▸ **Stored items**:
(* The tree \<lambda>(\<tau>) of a permutation is determined by, and determines, the map sending each
   window [i..k] of positions to the position of the largest entry in it: the root of \<lambda>(\<tau>)
   records where the largest value n sits, and the two subtrees record the same data for the
   parts left and right of it.
   Passing from \<tau> to its [a,b]-bar keeps every value outside [a,b] in place and only
   rearranges the values in [a,b] among the positions carrying them. As [a,b] is an interval,
   a value outside it compares in the same way with all values inside it, so the position of a
   window maximum can only move if that maximum lies in [a,b]. But the positions of a window
   carrying values in [a,b] form a window of the subsequence \<sigma>, which gets replaced by a shift
   of gam(\<lambda>(\<sigma>)), and that permutation has the same tree, hence the same window maxima, as \<sigma>. *)

lemma card_lower_set_less_iff:
  assumes "finite A" "x \<in> A" "x' \<in> A"
  shows "card {y \<in> A. y \<le> x} < card {y \<in> A. y \<le> x'} \<longleftrightarrow> x < (x' :: 'a :: linorder)"
proof
  assume "x < x'"
  then have "{y \<in> A. y \<le> x} \<subseteq> {y \<in> A. y \<le> x'}" "x' \<in> {y \<in> A. y \<le> x'}"
    "x' \<notin> {y \<in> A. y \<le> x}"
    using assms by auto
  then have "{y \<in> A. y \<le> x} \<subset> {y \<in> A. y \<le> x'}"
    by blast
  then show "card {y \<in> A. y \<le> x} < card {y \<in> A. y \<le> x'}"
    using assms(1) by (simp add: psubset_card_mono)
next
  assume "card {y \<in> A. y \<le> x} < card {y \<in> A. y \<le> x'}"
  moreover have "card {y \<in> A. y \<le> x'} \<le> card {y \<in> A. y \<le> x}" if "x' \<le> x"
    using assms(1) that by (intro card_mono) auto
  ultimately show "x < x'" by (meson not_le)
qed

lemma st_nth_less_iff:
  assumes "i < length xs" "j < length xs"
  shows "st xs ! i < st xs ! j \<longleftrightarrow> xs ! i < xs ! j"
  using assms by (simp add: st_def card_lower_set_less_iff)

lemma length_perms: "xs \<in> perms n \<Longrightarrow> length xs = n"
  unfolding perms_def using distinct_card by fastforce

lemma st_in_perms:
  assumes "distinct xs"
  shows "st xs \<in> perms (length xs)"
proof -
  have "inj_on (\<lambda>x. card {y \<in> set xs. y \<le> x}) (set xs)"
  proof (rule inj_onI)
    fix x x' assume "x \<in> set xs" "x' \<in> set xs"
      "card {y \<in> set xs. y \<le> x} = card {y \<in> set xs. y \<le> x'}"
    then show "x = x'"
      using card_lower_set_less_iff[of "set xs" x x'] card_lower_set_less_iff[of "set xs" x' x]
      by (cases x x' rule: linorder_cases) auto
  qed
  then have dist: "distinct (st xs)"
    using assms by (simp add: st_def distinct_map)
  have "set (st xs) \<subseteq> {1..card (set xs)}"
  proof
    fix v assume "v \<in> set (st xs)"
    then obtain x where x: "x \<in> set xs" "v = card {y \<in> set xs. y \<le> x}"
      by (auto simp: st_def)
    then have "x \<in> {y \<in> set xs. y \<le> x}" by simp
    then have "0 < v"
      using x by (auto simp: card_gt_0_iff)
    moreover have "v \<le> card (set xs)"
      unfolding x by (rule card_mono) auto
    ultimately show "v \<in> {1..card (set xs)}" by simp
  qed
  moreover have "card (set (st xs)) = card (set xs)"
    using dist assms by (simp add: distinct_card)
  ultimately have "set (st xs) = {1..length xs}"
    using assms by (simp add: card_subset_eq distinct_card)
  with dist show ?thesis by (simp add: perms_def)
qed

lemma st_perms_id:
  assumes "xs \<in> perms n"
  shows "st xs = xs"
proof -
  have "{y \<in> set xs. y \<le> x} = {1..x}" if "x \<in> set xs" for x
    using assms that by (auto simp: perms_def)
  then show ?thesis by (simp add: st_def map_idI)
qed

lemma st_map_add: "st (map ((+) c) xs) = st xs"
proof -
  have "{y \<in> set (map ((+) c) xs). y \<le> c + x} = (+) c ` {y \<in> set xs. y \<le> x}" for x
    by auto
  then show ?thesis by (simp add: st_def card_image)
qed

lemma st_take_in_perms: "xs \<in> perms n \<Longrightarrow> j \<le> n \<Longrightarrow> st (take j xs) \<in> perms j"
  using st_in_perms[of "take j xs"] length_perms[of xs n] by (simp add: perms_def)

lemma st_drop_in_perms: "xs \<in> perms n \<Longrightarrow> st (drop j xs) \<in> perms (n - j)"
  using st_in_perms[of "drop j xs"] length_perms[of xs n] by (simp add: perms_def)

lemma perms_obtain_max_pos:
  assumes "xs \<in> perms n" "0 < n"
  obtains j where "j < n" "xs ! j = n"
proof -
  have "n \<in> set xs" using assms by (auto simp: perms_def)
  then show ?thesis using that length_perms[OF assms(1)] by (auto simp: in_set_conv_nth)
qed

lemma perms_nth_less_max:
  assumes "xs \<in> perms n" "xs ! j = n" "j < n" "q < n" "q \<noteq> j"
  shows "xs ! q < n"
proof -
  have "xs ! q \<in> {1..n}" "xs ! q \<noteq> xs ! j"
    using assms length_perms[OF assms(1)] by (auto simp: perms_def nth_eq_iff_index_eq)
  with assms(2) show ?thesis by auto
qed

lemma lam_split_at_max:
  assumes "xs \<in> perms n" "j < n" "xs ! j = n"
  shows "lam xs = Node (lam (st (take j xs))) (lam (st (drop (Suc j) xs)))"
proof -
  have "(LEAST i. xs ! i = length xs) = j"
  proof (rule Least_equality)
    show "xs ! j = length xs" using assms length_perms[OF assms(1)] by simp
  next
    fix i assume "xs ! i = length xs"
    then show "j \<le> i"
      using perms_nth_less_max[OF assms(1,3,2), of i] length_perms[OF assms(1)] assms(2)
      by (cases "i < n") auto
  qed
  moreover have "xs \<noteq> []" using length_perms[OF assms(1)] assms(2) by auto
  ultimately show ?thesis
    using assms length_perms[OF assms(1)] by (subst lam.simps) (simp add: Let_def)
qed

declare lam.simps[simp del]

lemma size_lam: "xs \<in> perms n \<Longrightarrow> size (lam xs) = n"
proof (induction n arbitrary: xs rule: less_induct)
  case (less n)
  show ?case
  proof (cases "n = 0")
    case True
    then show ?thesis using less.prems length_perms by (auto simp: lam.simps)
  next
    case False
    then obtain j where j: "j < n" "xs ! j = n"
      using perms_obtain_max_pos less.prems by blast
    then show ?thesis
      using lam_split_at_max[OF less.prems j] less.IH[of j] less.IH[of "n - Suc j"]
        st_take_in_perms[OF less.prems, of j] st_drop_in_perms[OF less.prems, of "Suc j"]
      by simp
  qed
qed

lemma vee_in_perms:
  assumes "s \<in> perms p" "t \<in> perms q"
  shows "vee s t \<in> perms (p + q + 1)"
proof -
  have "set (map ((+) q) s) = (+) q ` {1..p}" using assms(1) by (simp add: perms_def add.commute)
  also have "\<dots> = {q + 1..q + p}" by simp
  finally show ?thesis
    using assms length_perms[OF assms(1)] length_perms[OF assms(2)]
    by (auto simp: perms_def vee_def distinct_map add.commute)
qed

lemma lam_vee:
  assumes "s \<in> perms p" "t \<in> perms q"
  shows "lam (vee s t) = Node (lam s) (lam t)"
proof -
  have ls: "length s = p" and lt: "length t = q"
    using assms length_perms by auto
  have "vee s t ! p = p + q + 1"
    by (simp add: vee_def nth_append ls lt)
  then have "lam (vee s t) = Node (lam (st (take p (vee s t)))) (lam (st (drop (Suc p) (vee s t))))"
    using lam_split_at_max[OF vee_in_perms[OF assms]] by simp
  also have "take p (vee s t) = map ((+) q) s"
    by (simp add: vee_def ls lt add.commute)
  also have "drop (Suc p) (vee s t) = t"
    by (simp add: vee_def ls)
  finally show ?thesis
    using assms by (simp add: st_map_add st_perms_id)
qed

▸ **Task directions**:
In the records above, find the lines holding "only". Copy each one.

▸ **Solution**:
   Passing from \<tau> to its [a,b]-bar keeps every value outside [a,b] in place and only
   window maximum can only move if that maximum lies in [a,b]. But the positions of a window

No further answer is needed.